### Supplied records
-------

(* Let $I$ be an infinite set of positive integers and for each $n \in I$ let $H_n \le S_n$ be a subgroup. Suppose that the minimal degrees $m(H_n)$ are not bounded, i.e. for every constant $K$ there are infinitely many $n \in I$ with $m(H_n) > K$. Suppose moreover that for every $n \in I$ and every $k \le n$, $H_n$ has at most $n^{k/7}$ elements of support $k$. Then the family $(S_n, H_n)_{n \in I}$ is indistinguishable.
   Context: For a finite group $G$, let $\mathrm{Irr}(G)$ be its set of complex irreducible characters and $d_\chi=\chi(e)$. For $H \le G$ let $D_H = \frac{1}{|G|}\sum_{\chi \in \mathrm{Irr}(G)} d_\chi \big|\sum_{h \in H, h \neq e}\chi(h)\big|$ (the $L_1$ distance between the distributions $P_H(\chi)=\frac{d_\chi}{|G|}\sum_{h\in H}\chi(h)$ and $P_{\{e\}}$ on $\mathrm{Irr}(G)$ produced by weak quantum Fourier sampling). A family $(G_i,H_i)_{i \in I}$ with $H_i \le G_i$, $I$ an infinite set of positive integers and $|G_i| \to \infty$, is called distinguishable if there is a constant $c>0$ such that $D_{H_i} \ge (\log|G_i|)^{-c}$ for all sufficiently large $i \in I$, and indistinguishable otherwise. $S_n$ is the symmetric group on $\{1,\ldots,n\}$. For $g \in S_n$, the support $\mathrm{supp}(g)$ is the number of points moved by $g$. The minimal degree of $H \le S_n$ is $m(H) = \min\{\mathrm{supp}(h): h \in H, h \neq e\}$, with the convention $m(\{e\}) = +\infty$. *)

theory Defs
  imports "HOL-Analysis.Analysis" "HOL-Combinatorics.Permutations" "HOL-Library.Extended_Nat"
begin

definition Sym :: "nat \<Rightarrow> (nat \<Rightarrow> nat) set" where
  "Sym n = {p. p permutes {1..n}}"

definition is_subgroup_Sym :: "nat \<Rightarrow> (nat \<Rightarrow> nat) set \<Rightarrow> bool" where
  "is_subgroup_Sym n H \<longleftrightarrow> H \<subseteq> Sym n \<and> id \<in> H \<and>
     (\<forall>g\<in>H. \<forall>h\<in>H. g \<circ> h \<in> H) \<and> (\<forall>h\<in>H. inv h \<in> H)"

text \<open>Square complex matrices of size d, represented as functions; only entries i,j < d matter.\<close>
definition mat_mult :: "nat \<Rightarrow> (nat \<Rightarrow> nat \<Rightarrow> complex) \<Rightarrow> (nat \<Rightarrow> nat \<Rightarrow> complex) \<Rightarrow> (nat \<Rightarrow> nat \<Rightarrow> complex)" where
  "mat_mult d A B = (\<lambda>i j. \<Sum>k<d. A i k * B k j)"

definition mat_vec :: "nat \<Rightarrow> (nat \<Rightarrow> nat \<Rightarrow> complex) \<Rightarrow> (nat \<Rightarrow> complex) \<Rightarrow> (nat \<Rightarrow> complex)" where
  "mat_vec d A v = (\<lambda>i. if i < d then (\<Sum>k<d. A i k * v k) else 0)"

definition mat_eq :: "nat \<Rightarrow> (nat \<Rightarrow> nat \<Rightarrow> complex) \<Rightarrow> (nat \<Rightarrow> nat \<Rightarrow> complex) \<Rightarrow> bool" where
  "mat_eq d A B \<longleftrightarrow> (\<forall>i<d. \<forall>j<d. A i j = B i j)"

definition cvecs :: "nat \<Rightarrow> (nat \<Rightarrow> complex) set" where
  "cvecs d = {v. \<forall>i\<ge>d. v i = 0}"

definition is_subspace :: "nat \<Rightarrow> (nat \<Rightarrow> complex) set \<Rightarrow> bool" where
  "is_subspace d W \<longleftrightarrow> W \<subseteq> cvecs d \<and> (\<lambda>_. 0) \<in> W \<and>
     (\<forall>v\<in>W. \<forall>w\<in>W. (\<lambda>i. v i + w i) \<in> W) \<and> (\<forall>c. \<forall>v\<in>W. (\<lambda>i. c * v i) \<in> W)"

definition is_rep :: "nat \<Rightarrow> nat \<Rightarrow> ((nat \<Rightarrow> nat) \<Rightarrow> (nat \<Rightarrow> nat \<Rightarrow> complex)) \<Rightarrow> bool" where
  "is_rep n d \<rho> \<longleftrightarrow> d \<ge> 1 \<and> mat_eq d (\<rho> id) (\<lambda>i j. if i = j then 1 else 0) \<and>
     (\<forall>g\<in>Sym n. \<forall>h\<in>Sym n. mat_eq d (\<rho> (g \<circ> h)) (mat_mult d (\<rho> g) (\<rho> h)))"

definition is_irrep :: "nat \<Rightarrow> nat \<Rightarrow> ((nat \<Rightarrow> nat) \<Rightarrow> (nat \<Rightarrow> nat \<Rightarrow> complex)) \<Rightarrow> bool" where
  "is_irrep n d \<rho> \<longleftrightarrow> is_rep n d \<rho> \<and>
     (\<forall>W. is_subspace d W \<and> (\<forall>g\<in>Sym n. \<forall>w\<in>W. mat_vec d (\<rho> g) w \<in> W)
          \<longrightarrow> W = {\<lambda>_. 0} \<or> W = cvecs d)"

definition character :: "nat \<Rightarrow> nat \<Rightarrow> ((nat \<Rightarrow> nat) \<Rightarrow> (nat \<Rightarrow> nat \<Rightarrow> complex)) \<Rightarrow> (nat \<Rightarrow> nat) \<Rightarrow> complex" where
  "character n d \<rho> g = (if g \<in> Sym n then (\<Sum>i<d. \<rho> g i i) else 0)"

-------

### Exercise
The answer must be the complete set of entries, retyped exactly.

### Completed task
(* Let $I$ be an infinite set of positive integers and for each $n \in I$ let $H_n \le S_n$ be a subgroup. Suppose that the minimal degrees $m(H_n)$ are not bounded, i.e. for every constant $K$ there are infinitely many $n \in I$ with $m(H_n) > K$. Suppose moreover that for every $n \in I$ and every $k \le n$, $H_n$ has at most $n^{k/7}$ elements of support $k$. Then the family $(S_n, H_n)_{n \in I}$ is indistinguishable.
   Context: For a finite group $G$, let $\mathrm{Irr}(G)$ be its set of complex irreducible characters and $d_\chi=\chi(e)$. For $H \le G$ let $D_H = \frac{1}{|G|}\sum_{\chi \in \mathrm{Irr}(G)} d_\chi \big|\sum_{h \in H, h \neq e}\chi(h)\big|$ (the $L_1$ distance between the distributions $P_H(\chi)=\frac{d_\chi}{|G|}\sum_{h\in H}\chi(h)$ and $P_{\{e\}}$ on $\mathrm{Irr}(G)$ produced by weak quantum Fourier sampling). A family $(G_i,H_i)_{i \in I}$ with $H_i \le G_i$, $I$ an infinite set of positive integers and $|G_i| \to \infty$, is called distinguishable if there is a constant $c>0$ such that $D_{H_i} \ge (\log|G_i|)^{-c}$ for all sufficiently large $i \in I$, and indistinguishable otherwise. $S_n$ is the symmetric group on $\{1,\ldots,n\}$. For $g \in S_n$, the support $\mathrm{supp}(g)$ is the number of points moved by $g$. The minimal degree of $H \le S_n$ is $m(H) = \min\{\mathrm{supp}(h): h \in H, h \neq e\}$, with the convention $m(\{e\}) = +\infty$. *)

theory Defs
  imports "HOL-Analysis.Analysis" "HOL-Combinatorics.Permutations" "HOL-Library.Extended_Nat"
begin

definition Sym :: "nat \<Rightarrow> (nat \<Rightarrow> nat) set" where
  "Sym n = {p. p permutes {1..n}}"

definition is_subgroup_Sym :: "nat \<Rightarrow> (nat \<Rightarrow> nat) set \<Rightarrow> bool" where
  "is_subgroup_Sym n H \<longleftrightarrow> H \<subseteq> Sym n \<and> id \<in> H \<and>
     (\<forall>g\<in>H. \<forall>h\<in>H. g \<circ> h \<in> H) \<and> (\<forall>h\<in>H. inv h \<in> H)"

text \<open>Square complex matrices of size d, represented as functions; only entries i,j < d matter.\<close>
definition mat_mult :: "nat \<Rightarrow> (nat \<Rightarrow> nat \<Rightarrow> complex) \<Rightarrow> (nat \<Rightarrow> nat \<Rightarrow> complex) \<Rightarrow> (nat \<Rightarrow> nat \<Rightarrow> complex)" where
  "mat_mult d A B = (\<lambda>i j. \<Sum>k<d. A i k * B k j)"

definition mat_vec :: "nat \<Rightarrow> (nat \<Rightarrow> nat \<Rightarrow> complex) \<Rightarrow> (nat \<Rightarrow> complex) \<Rightarrow> (nat \<Rightarrow> complex)" where
  "mat_vec d A v = (\<lambda>i. if i < d then (\<Sum>k<d. A i k * v k) else 0)"

definition mat_eq :: "nat \<Rightarrow> (nat \<Rightarrow> nat \<Rightarrow> complex) \<Rightarrow> (nat \<Rightarrow> nat \<Rightarrow> complex) \<Rightarrow> bool" where
  "mat_eq d A B \<longleftrightarrow> (\<forall>i<d. \<forall>j<d. A i j = B i j)"

definition cvecs :: "nat \<Rightarrow> (nat \<Rightarrow> complex) set" where
  "cvecs d = {v. \<forall>i\<ge>d. v i = 0}"

definition is_subspace :: "nat \<Rightarrow> (nat \<Rightarrow> complex) set \<Rightarrow> bool" where
  "is_subspace d W \<longleftrightarrow> W \<subseteq> cvecs d \<and> (\<lambda>_. 0) \<in> W \<and>
     (\<forall>v\<in>W. \<forall>w\<in>W. (\<lambda>i. v i + w i) \<in> W) \<and> (\<forall>c. \<forall>v\<in>W. (\<lambda>i. c * v i) \<in> W)"

definition is_rep :: "nat \<Rightarrow> nat \<Rightarrow> ((nat \<Rightarrow> nat) \<Rightarrow> (nat \<Rightarrow> nat \<Rightarrow> complex)) \<Rightarrow> bool" where
  "is_rep n d \<rho> \<longleftrightarrow> d \<ge> 1 \<and> mat_eq d (\<rho> id) (\<lambda>i j. if i = j then 1 else 0) \<and>
     (\<forall>g\<in>Sym n. \<forall>h\<in>Sym n. mat_eq d (\<rho> (g \<circ> h)) (mat_mult d (\<rho> g) (\<rho> h)))"

definition is_irrep :: "nat \<Rightarrow> nat \<Rightarrow> ((nat \<Rightarrow> nat) \<Rightarrow> (nat \<Rightarrow> nat \<Rightarrow> complex)) \<Rightarrow> bool" where
  "is_irrep n d \<rho> \<longleftrightarrow> is_rep n d \<rho> \<and>
     (\<forall>W. is_subspace d W \<and> (\<forall>g\<in>Sym n. \<forall>w\<in>W. mat_vec d (\<rho> g) w \<in> W)
          \<longrightarrow> W = {\<lambda>_. 0} \<or> W = cvecs d)"

definition character :: "nat \<Rightarrow> nat \<Rightarrow> ((nat \<Rightarrow> nat) \<Rightarrow> (nat \<Rightarrow> nat \<Rightarrow> complex)) \<Rightarrow> (nat \<Rightarrow> nat) \<Rightarrow> complex" where
  "character n d \<rho> g = (if g \<in> Sym n then (\<Sum>i<d. \<rho> g i i) else 0)"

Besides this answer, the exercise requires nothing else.